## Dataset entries
——————

lemma list_pair_sum_mset_eq:
  assumes "mset xs = mset ys"
  shows "list_pair_sum w xs = list_pair_sum w ys"
proof -
  obtain f where f: "bij_betw f {..<length xs} {..<length ys}" "\<forall>i<length xs. xs ! i = ys ! f i"
    using permutation_Ex_bij[OF assms] by blast
  have "list_pair_sum w ys = perm_pair_sum (\<lambda>p q. w (ys ! p) (ys ! q)) (f ` {..<length xs})"
    using f(1) by (simp add: list_pair_sum_def bij_betw_def)
  also have "\<dots> = perm_pair_sum (\<lambda>p q. w (ys ! f p) (ys ! f q)) {..<length xs}"
    using f(1) by (intro perm_pair_sum_reindex) (simp add: bij_betw_def)
  also have "\<dots> = list_pair_sum w xs"
    unfolding list_pair_sum_def using f(2) by (intro perm_pair_sum_cong) simp
  finally show ?thesis ..
qed

lemma nth_take_drop_Suc:
  assumes "p < length xs" "i < length xs - 1"
  shows "(take p xs @ drop (Suc p) xs) ! i = xs ! (if i < p then i else Suc i)"
  using assms by (auto simp: nth_append min_def)

lemma list_pair_sum_delete:
  assumes "p < length xs"
  shows "perm_pair_sum (\<lambda>a b. w (xs ! a) (xs ! b)) ({..<length xs} - {p}) =
    list_pair_sum w (take p xs @ drop (Suc p) xs)"
proof -
  define skip where "skip i = (if i < p then i else Suc i)" for i
  have "perm_pair_sum (\<lambda>a b. w (xs ! a) (xs ! b)) ({..<length xs} - {p}) =
      perm_pair_sum (\<lambda>a b. w (xs ! a) (xs ! b)) (skip ` {..<length xs - 1})"
  proof (intro arg_cong[where f = "perm_pair_sum _"] subset_antisym subsetI)
    fix i assume i: "i \<in> {..<length xs} - {p}"
    show "i \<in> skip ` {..<length xs - 1}"
    proof (cases "i < p")
      case True
      then show ?thesis using assms by (intro image_eqI[of _ _ i]) (auto simp: skip_def)
    next
      case False
      then show ?thesis using i by (intro image_eqI[of _ _ "i - 1"]) (auto simp: skip_def)
    qed
  qed (use assms in \<open>auto simp: skip_def\<close>)
  also have "perm_pair_sum (\<lambda>a b. w (xs ! a) (xs ! b)) (skip ` {..<length xs - 1}) =
      perm_pair_sum (\<lambda>a b. w (xs ! skip a) (xs ! skip b)) {..<length xs - 1}"
    by (rule perm_pair_sum_reindex) (auto simp: skip_def inj_on_def split: if_splits)
  also have "\<dots> = list_pair_sum w (take p xs @ drop (Suc p) xs)"
  proof -
    have len: "length (take p xs @ drop (Suc p) xs) = length xs - 1" using assms by simp
    show ?thesis
      unfolding list_pair_sum_def len using assms
      by (intro perm_pair_sum_cong) (simp_all add: skip_def nth_take_drop_Suc)
  qed
  finally show ?thesis .
qed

——————

## Exercise brief
In the entries above, find each line that includes the string "assms" and copy it.

## Finished task
    using permutation_Ex_bij[OF assms] by blast
  using assms by (auto simp: nth_append min_def)
      then show ?thesis using assms by (intro image_eqI[of _ _ i]) (auto simp: skip_def)
  qed (use assms in \<open>auto simp: skip_def\<close>)
    have len: "length (take p xs @ drop (Suc p) xs) = length xs - 1" using assms by simp
      unfolding list_pair_sum_def len using assms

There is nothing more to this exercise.